Fourth, that PHP arrays can be associative, i. e. can have string keys, and
that using the string representation of a numeric key accesses the same item
as the number (ibid.), suggests implementations in which all keys are
actually string values (as it is in other equally dynamic programming
languages, like ECMAScript implementations; if not like that, you would have
to store the type of the key which is even more memory-expensive), and

,-<http://www.php.net/manual/en/language.types.string.php>
|
| The string in PHP is implemented as an array of bytes and an integer
| indicating the length of the buffer. […]

Fast access to array items further suggests that the keys are not only
stored as-is (for array_keys()), but that the implementation includes a hash
table.

Fifth, PHP arrays do have an internal pointer – <http://php.net/current> –
that can be advanced: <http://php.net/next>. Combined with the dynamic size
of PHP arrays this suggests that the items of an array are at least arranged
in a linked list.
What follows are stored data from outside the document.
(* Let $G$ be a finite group of order greater than $1$ and let $q$ be the smallest prime divisor of $|G|$. If $\mathcal{F}_{pp}(G)=\{1,f\}$ for some integer $f>1$, then $f\geq q$.
   Context: All groups are finite. For a group $G$ and a positive integer $n$ dividing $|G|$, let $F_n(G)=\{g\in G\mid g^n=1\}$. By Frobenius' theorem $|F_n(G)|=f_n\cdot n$ for a positive integer $f_n$, called the Frobenius quotient of $G$ for $n$. ${\rm exp}(G)$ denotes the exponent of $G$. A prime-power divisor of ${\rm exp}(G)$ is a positive divisor $n$ of ${\rm exp}(G)$ of the form $n=p^k$ with $p$ prime and $k\geq 0$ (so $n=1$ is included). $\mathcal{F}_{pp}(G)=\{f_n\mid n \text{ is a prime-power divisor of } {\rm exp}(G)\}$. *)

theory Defs
  imports "HOL-Algebra.Algebra" "HOL-Computational_Algebra.Primes"
begin

definition group_exp :: "('a, 'b) monoid_scheme \<Rightarrow> nat" where
  "group_exp G = Lcm (group.ord G ` carrier G)"

definition frob_set :: "('a, 'b) monoid_scheme \<Rightarrow> nat \<Rightarrow> 'a set" where
  "frob_set G n = {g \<in> carrier G. g [^]\<^bsub>G\<^esub> n = \<one>\<^bsub>G\<^esub>}"

text \<open>Frobenius quotient f_n = |F_n(G)| / n (an integer by Frobenius' theorem when n divides |G|).\<close>
definition frob_quot :: "('a, 'b) monoid_scheme \<Rightarrow> nat \<Rightarrow> nat" where
  "frob_quot G n = card (frob_set G n) div n"

text \<open>Prime-power divisors of exp(G), including 1 = p^0.\<close>
definition pp_divisors_exp :: "('a, 'b) monoid_scheme \<Rightarrow> nat set" where
  "pp_divisors_exp G = {n. n dvd group_exp G \<and> (\<exists>p k. Factorial_Ring.prime (p::nat) \<and> n = p ^ k)}"

definition F_pp :: "('a, 'b) monoid_scheme \<Rightarrow> nat set" where
  "F_pp G = frob_quot G ` pp_divisors_exp G"

end

(* Only membership of f in F_pp(G) is needed: every Frobenius quotient f at a prime power p^k
   satisfies f = 1 (mod p - 1), so f > 1 forces f >= p >= q.

   The congruence comes from |F(p^(k+1))| = |F(p^k)| + #{x. ord x = p^(k+1)}. The elements of
   order p^(k+1) fall into sets of generators of cyclic subgroups, so their number is a multiple
   of phi(p^(k+1)) = p^k (p - 1); dividing by p^k (Frobenius) gives
   p f(p^(k+1)) = f(p^k) + (p - 1) c.

   Frobenius' theorem for p^k is obtained by descending with the same identity from the full
   p-part p^s of |G|, where it says that p^s divides the number of p-elements. For that, write
   every g uniquely as a commuting product of a p-element and a p'-element: |G| is the sum, over
   the p'-elements z, of the number of p-elements centralising z. The central z contribute
   (number of central p'-elements) * (number of p-elements), and that first factor is prime to p
   by Cauchy's theorem; a non-central z lies in a conjugacy class of size |G : C(z)|, and by
   induction |C(z)|_p divides the number of p-elements of C(z). *)

theory Submission
  imports Defs "HOL-Number_Theory.Cong" "HOL-Number_Theory.Totient"
begin

context group
begin

lemma pow_cong:
  fixes n i j :: nat
  assumes "x \<in> carrier G" "x [^] n = \<one>" "[i = j] (mod n)"
  shows "x [^] i = x [^] j"
proof -
  have "x [^] k = x [^] (k mod n)" for k :: nat
  proof -
    have "x [^] k = (x [^] n) [^] (k div n) \<otimes> x [^] (k mod n)"
      using assms(1) by (simp add: nat_pow_pow nat_pow_mult)
    then show ?thesis
      using assms(1,2) by simp
  qed
  then show ?thesis
    using assms(3) unfolding cong_def by metis
qed

section \<open>Counting elements of a given order\<close>

definition cyclic_generators :: "'a \<Rightarrow> 'a set" where
  "cyclic_generators x = (\<lambda>k. x [^] k) ` totatives (ord x)"

lemma card_cyclic_generators:
  assumes "x \<in> carrier G"
  shows "card (cyclic_generators x) = totient (ord x)"
proof -
  have "inj_on (\<lambda>k. x [^] k) (totatives (ord x))"
    using ord_inj'[OF assms] by (rule inj_on_subset) (auto simp: in_totatives_iff)
  then show ?thesis
    unfolding cyclic_generators_def totient_def by (rule card_image)
qed

lemma mem_cyclic_generators_iff:
  assumes "finite (carrier G)" "x \<in> carrier G"
  shows "y \<in> cyclic_generators x \<longleftrightarrow> y \<in> carrier G \<and> ord y = ord x \<and> (\<exists>k::nat. y = x [^] k)"
proof
  assume "y \<in> cyclic_generators x"
  then show "y \<in> carrier G \<and> ord y = ord x \<and> (\<exists>k::nat. y = x [^] k)"
    using assms pow_ord_eq_ord_iff by (auto simp: cyclic_generators_def in_totatives_iff)
next
  assume "y \<in> carrier G \<and> ord y = ord x \<and> (\<exists>k::nat. y = x [^] k)"
  then obtain k :: nat where y: "y = x [^] k" "ord (x [^] k) = ord x" by blast
  define d where "d = ord x"
  have "d \<ge> 1"
    using ord_ge_1 assms unfolding d_def by blast
  have coprime: "coprime (k mod d) d"
    using y(2) assms pow_ord_eq_ord_iff \<open>d \<ge> 1\<close> unfolding d_def by simp
  have x_pow_d: "x [^] d = \<one>"
    using assms(2) unfolding d_def by simp
  show "y \<in> cyclic_generators x"
  proof (cases "k mod d = 0")
    case True
    then have "[k = 1] (mod d)"
      using coprime by (simp add: cong_def)
    then have "y = x [^] (1::nat)"
      unfolding y(1) by (rule pow_cong[OF assms(2) x_pow_d])
    moreover have "1 \<in> totatives d"
      using \<open>d \<ge> 1\<close> by (simp add: in_totatives_iff)
    ultimately show ?thesis
      unfolding cyclic_generators_def d_def by blast
  next
    case False
    then have "k mod d \<in> totatives d"
      using coprime \<open>d \<ge> 1\<close> by (simp add: in_totatives_iff)
    moreover have "y = x [^] (k mod d)"
      unfolding y(1) by (rule pow_cong[OF assms(2) x_pow_d]) (simp add: cong_def)
    ultimately show ?thesis
      unfolding cyclic_generators_def d_def by blast
  qed
qed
The existence of a function to rewind the internal
pointer – <http://php.net/prev> – further suggests that they are arranged in
a double-linked list.

Finally, you are not just measuring the memory that is needed for the array,
but for executing the preceding program. There is *at least* the memory for
$i variable to consider. So “your math does not add up”.

Probably there are even more factors to consider. See also the
memory_get_usage() documentation and user comments.

So consider this: A PHP array could be implemented *at least* as a hash
table (for quick item access) in which the string keys are stored in a
linked list (so that array_keys() works), and the stored values could be in
a double-linked list (so that internal pointer movements work). In this
hash table you are storing items whose plain values require *at least* 64
bits = 8 bytes of memory each. Add to that the memory required to run the
program that fills the array.

I know of no native way to determine the memory it takes to store the PHP
array; it can perhaps be obtained with a PHP profiler. In any case, I
presume it will be smaller than what you measured with memory_get_usage().